Start of Available data

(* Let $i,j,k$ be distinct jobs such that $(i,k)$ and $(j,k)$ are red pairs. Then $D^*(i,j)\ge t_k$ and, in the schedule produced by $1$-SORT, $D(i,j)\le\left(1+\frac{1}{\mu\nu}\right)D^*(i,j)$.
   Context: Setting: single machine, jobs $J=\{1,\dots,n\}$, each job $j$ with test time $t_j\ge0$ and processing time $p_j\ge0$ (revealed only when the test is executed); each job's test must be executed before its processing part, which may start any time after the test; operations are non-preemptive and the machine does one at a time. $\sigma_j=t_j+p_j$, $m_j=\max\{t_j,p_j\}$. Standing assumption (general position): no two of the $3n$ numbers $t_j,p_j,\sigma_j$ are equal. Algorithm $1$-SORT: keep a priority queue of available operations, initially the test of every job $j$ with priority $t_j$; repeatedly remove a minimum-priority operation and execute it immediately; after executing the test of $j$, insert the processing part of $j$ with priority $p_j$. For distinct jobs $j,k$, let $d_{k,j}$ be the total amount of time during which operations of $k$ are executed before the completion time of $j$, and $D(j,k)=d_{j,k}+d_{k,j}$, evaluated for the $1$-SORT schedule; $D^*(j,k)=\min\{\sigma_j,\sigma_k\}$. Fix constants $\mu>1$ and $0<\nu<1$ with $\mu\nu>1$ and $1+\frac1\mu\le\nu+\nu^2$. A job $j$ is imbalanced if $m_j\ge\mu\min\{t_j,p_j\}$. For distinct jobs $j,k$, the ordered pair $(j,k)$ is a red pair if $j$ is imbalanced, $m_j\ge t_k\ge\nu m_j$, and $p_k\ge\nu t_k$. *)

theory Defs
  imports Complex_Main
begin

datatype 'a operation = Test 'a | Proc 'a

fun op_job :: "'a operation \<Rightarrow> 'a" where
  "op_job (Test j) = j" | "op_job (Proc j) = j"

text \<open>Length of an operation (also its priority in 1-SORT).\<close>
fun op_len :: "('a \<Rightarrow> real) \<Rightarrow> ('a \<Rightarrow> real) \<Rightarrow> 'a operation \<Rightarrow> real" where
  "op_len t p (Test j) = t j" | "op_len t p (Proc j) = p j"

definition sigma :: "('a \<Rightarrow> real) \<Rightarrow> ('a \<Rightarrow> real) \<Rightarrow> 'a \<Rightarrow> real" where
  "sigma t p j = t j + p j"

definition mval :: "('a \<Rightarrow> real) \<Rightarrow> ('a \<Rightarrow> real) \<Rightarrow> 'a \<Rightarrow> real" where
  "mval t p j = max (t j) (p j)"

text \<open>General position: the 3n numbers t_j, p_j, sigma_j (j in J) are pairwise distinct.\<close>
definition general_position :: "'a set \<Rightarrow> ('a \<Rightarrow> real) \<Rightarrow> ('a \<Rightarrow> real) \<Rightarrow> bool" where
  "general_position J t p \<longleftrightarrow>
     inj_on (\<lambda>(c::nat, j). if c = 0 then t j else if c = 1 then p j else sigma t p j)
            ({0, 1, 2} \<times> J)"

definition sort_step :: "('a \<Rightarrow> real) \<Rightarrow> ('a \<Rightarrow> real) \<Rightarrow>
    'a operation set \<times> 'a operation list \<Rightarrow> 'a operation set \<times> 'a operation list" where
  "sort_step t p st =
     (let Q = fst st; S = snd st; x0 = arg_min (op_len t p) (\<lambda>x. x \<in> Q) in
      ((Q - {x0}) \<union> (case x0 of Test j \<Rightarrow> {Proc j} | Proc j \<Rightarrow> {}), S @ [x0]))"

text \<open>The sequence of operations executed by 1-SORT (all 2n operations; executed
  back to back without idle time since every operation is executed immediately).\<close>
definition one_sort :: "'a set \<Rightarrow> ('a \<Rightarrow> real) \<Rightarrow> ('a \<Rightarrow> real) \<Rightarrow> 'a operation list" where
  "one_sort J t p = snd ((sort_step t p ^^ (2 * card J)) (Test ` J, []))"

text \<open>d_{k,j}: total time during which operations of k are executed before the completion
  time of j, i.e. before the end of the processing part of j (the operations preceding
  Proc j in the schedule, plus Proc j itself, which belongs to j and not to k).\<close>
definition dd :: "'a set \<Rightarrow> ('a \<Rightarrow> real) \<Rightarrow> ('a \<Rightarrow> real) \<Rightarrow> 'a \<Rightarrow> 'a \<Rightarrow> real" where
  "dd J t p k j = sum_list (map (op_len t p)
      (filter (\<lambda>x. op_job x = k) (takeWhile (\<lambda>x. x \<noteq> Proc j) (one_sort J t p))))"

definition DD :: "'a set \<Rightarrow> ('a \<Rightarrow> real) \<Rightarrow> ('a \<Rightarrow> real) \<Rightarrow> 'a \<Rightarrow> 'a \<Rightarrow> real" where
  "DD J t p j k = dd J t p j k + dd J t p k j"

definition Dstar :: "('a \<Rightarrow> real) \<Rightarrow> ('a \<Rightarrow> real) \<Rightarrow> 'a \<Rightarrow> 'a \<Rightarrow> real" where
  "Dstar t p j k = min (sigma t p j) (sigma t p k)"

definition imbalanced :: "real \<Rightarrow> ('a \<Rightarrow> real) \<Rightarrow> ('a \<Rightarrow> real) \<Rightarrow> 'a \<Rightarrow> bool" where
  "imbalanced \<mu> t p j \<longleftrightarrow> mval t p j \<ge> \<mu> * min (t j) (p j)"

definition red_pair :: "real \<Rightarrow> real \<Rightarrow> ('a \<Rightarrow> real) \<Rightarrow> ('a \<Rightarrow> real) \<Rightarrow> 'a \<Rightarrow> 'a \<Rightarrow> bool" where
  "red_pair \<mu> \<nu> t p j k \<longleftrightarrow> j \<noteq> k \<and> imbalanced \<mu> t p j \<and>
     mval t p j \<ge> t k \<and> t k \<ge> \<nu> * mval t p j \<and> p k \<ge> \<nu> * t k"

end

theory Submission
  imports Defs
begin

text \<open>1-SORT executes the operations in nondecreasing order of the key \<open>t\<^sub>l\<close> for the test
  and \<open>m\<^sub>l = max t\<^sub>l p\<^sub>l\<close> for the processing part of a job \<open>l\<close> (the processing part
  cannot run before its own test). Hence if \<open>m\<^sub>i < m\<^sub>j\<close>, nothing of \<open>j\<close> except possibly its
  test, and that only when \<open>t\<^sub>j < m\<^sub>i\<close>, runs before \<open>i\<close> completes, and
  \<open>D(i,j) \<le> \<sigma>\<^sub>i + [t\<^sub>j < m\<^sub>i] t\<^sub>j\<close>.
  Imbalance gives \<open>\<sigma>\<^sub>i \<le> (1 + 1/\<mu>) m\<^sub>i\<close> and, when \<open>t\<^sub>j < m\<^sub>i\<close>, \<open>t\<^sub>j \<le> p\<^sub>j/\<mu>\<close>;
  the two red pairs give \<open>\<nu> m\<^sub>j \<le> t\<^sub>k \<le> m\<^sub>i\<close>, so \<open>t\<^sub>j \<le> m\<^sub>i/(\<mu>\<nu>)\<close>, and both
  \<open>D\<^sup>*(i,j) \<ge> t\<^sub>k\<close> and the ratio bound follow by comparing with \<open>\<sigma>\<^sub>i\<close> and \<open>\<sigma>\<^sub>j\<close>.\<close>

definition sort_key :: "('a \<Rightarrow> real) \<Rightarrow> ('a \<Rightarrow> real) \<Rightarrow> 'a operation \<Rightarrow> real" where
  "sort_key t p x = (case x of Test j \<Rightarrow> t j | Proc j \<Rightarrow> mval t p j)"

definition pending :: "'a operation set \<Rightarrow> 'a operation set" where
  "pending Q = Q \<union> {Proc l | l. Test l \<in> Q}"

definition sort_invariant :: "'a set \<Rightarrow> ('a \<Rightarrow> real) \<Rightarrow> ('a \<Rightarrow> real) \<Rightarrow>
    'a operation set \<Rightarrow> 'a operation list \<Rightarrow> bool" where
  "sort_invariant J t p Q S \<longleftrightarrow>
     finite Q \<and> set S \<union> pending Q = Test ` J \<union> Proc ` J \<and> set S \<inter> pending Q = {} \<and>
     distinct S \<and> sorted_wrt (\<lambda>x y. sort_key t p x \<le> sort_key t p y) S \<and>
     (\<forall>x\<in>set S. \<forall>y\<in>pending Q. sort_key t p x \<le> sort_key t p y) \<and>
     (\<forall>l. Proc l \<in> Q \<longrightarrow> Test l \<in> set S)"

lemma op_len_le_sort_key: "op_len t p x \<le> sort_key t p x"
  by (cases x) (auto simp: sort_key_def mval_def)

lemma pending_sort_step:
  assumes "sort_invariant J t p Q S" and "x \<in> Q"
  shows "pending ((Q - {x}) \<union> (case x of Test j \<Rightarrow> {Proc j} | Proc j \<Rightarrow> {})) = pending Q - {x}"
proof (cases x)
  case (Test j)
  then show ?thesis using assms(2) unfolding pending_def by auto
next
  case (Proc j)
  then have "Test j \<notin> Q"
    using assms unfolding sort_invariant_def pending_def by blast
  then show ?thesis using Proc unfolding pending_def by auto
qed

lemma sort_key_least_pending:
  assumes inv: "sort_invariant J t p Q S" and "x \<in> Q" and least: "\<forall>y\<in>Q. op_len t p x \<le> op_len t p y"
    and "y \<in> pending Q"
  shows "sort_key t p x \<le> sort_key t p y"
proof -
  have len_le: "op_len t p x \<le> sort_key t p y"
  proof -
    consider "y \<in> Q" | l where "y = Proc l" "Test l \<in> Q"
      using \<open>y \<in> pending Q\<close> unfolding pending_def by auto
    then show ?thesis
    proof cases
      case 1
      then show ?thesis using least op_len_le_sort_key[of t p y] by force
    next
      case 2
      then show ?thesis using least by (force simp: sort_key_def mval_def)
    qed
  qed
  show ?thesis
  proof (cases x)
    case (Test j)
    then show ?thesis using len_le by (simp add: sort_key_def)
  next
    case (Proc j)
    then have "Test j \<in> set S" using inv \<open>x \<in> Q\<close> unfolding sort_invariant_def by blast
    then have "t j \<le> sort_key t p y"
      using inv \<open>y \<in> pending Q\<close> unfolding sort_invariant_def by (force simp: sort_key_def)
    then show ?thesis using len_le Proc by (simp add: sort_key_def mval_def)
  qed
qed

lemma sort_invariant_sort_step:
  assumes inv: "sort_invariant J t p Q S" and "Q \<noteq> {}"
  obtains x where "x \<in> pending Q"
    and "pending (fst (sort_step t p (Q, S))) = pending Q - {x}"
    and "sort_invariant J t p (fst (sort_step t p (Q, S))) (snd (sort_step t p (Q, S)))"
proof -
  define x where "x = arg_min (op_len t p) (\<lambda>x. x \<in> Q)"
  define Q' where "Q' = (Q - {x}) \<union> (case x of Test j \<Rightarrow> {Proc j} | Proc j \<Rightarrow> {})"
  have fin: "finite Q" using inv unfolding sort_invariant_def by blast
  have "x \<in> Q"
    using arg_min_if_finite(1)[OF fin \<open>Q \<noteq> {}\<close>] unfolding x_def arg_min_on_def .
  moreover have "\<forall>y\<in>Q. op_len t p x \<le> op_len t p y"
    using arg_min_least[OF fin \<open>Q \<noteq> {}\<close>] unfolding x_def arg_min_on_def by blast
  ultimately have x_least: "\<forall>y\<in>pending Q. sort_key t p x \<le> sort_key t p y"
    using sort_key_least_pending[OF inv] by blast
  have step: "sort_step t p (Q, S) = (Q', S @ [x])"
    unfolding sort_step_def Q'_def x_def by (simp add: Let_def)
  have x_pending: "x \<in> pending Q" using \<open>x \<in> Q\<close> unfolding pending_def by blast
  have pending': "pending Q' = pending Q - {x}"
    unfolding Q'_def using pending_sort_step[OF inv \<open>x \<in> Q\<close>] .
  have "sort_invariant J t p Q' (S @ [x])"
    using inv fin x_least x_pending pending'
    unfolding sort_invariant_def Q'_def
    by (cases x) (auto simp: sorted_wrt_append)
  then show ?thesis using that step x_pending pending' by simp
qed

End of Available data
Start of Available data

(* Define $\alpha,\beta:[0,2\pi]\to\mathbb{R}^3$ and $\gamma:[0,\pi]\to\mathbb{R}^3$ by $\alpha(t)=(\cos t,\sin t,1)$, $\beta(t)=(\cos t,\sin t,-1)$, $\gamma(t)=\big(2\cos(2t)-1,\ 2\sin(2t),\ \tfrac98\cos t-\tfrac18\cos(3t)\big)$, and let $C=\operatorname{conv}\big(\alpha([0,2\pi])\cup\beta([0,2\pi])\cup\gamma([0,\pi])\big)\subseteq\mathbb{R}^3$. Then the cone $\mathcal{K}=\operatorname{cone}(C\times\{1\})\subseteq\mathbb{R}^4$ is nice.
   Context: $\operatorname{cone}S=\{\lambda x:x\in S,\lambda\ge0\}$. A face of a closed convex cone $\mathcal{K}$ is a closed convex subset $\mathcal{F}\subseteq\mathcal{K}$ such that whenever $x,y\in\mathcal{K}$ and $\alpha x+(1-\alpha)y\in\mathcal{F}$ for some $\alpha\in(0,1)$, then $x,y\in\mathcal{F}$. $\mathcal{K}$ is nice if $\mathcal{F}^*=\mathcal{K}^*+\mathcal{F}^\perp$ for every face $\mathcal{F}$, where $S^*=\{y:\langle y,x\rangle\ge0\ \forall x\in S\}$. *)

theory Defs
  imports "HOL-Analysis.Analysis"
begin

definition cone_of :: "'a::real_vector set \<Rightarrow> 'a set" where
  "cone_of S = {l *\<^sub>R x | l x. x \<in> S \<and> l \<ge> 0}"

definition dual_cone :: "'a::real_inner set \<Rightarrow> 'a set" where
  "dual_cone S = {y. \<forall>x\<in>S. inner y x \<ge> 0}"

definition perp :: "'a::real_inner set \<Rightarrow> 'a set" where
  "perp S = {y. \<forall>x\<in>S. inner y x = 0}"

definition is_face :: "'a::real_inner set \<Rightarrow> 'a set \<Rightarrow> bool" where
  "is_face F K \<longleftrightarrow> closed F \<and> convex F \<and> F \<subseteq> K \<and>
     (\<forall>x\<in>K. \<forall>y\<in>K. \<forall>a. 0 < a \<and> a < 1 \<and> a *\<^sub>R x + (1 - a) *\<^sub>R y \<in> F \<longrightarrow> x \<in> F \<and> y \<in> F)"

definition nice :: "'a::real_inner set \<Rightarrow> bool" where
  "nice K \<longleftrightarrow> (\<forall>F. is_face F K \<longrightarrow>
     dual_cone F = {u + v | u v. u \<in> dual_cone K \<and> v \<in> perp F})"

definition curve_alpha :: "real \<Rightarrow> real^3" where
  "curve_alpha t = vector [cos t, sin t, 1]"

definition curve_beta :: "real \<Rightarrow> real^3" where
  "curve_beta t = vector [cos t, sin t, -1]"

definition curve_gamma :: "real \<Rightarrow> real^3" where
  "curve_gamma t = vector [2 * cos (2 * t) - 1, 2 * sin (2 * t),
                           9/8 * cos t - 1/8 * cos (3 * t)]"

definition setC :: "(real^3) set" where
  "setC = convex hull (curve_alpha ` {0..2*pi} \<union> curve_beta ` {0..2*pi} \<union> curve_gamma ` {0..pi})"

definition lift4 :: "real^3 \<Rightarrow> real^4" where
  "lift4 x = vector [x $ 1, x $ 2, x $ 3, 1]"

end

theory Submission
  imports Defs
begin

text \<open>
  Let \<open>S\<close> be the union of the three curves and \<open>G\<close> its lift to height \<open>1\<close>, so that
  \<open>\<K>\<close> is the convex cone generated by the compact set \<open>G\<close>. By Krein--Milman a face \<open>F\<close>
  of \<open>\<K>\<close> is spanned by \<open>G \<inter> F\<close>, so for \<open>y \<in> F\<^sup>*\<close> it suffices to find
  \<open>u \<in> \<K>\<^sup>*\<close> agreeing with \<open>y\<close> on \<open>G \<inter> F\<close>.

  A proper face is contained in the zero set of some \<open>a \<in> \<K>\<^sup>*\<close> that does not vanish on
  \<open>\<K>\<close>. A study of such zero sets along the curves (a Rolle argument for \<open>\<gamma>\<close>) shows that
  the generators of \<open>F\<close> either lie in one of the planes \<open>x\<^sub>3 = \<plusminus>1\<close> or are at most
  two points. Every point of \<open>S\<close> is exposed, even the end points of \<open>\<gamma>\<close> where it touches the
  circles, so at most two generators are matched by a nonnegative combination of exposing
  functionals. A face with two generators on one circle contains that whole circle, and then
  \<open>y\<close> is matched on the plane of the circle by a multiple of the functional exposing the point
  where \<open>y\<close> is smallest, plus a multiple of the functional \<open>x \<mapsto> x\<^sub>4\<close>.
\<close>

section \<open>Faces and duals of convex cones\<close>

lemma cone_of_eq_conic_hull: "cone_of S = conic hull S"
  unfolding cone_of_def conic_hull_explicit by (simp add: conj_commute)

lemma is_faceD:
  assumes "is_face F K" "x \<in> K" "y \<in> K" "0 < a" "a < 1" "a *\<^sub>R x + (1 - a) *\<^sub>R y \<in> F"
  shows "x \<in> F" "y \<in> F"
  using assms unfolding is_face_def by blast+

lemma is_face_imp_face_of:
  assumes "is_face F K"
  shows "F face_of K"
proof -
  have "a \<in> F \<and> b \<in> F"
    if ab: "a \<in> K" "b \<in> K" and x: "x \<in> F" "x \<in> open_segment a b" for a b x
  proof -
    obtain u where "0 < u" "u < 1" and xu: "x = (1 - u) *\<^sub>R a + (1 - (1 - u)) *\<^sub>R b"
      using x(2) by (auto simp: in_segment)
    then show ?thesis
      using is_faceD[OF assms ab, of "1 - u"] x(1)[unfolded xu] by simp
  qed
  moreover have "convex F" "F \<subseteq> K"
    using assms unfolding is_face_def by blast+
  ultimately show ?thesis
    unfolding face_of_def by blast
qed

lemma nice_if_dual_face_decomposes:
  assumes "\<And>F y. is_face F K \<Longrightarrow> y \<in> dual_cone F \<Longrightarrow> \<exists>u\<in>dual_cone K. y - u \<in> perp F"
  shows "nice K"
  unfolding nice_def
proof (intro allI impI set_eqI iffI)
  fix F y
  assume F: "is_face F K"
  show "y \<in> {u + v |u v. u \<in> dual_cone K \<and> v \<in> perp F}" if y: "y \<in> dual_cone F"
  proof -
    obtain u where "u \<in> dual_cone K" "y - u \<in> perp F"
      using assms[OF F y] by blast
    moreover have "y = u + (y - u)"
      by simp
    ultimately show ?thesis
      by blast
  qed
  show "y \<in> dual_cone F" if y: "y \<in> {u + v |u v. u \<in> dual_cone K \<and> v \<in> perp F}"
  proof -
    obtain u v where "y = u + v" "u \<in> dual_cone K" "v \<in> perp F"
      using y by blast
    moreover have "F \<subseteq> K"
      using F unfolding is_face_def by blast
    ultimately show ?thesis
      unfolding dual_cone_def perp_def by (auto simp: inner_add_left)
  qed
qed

End of Available data

## [What is required]
Could you return the lines in the entries above that contain "shows"?

## [Task response]
  shows "pending ((Q - {x}) \<union> (case x of Test j \<Rightarrow> {Proc j} | Proc j \<Rightarrow> {})) = pending Q - {x}"
  shows "sort_key t p x \<le> sort_key t p y"
  \<open>\<K>\<close>. A study of such zero sets along the curves (a Rolle argument for \<open>\<gamma>\<close>) shows that
  shows "x \<in> F" "y \<in> F"
  shows "F face_of K"
  shows "nice K"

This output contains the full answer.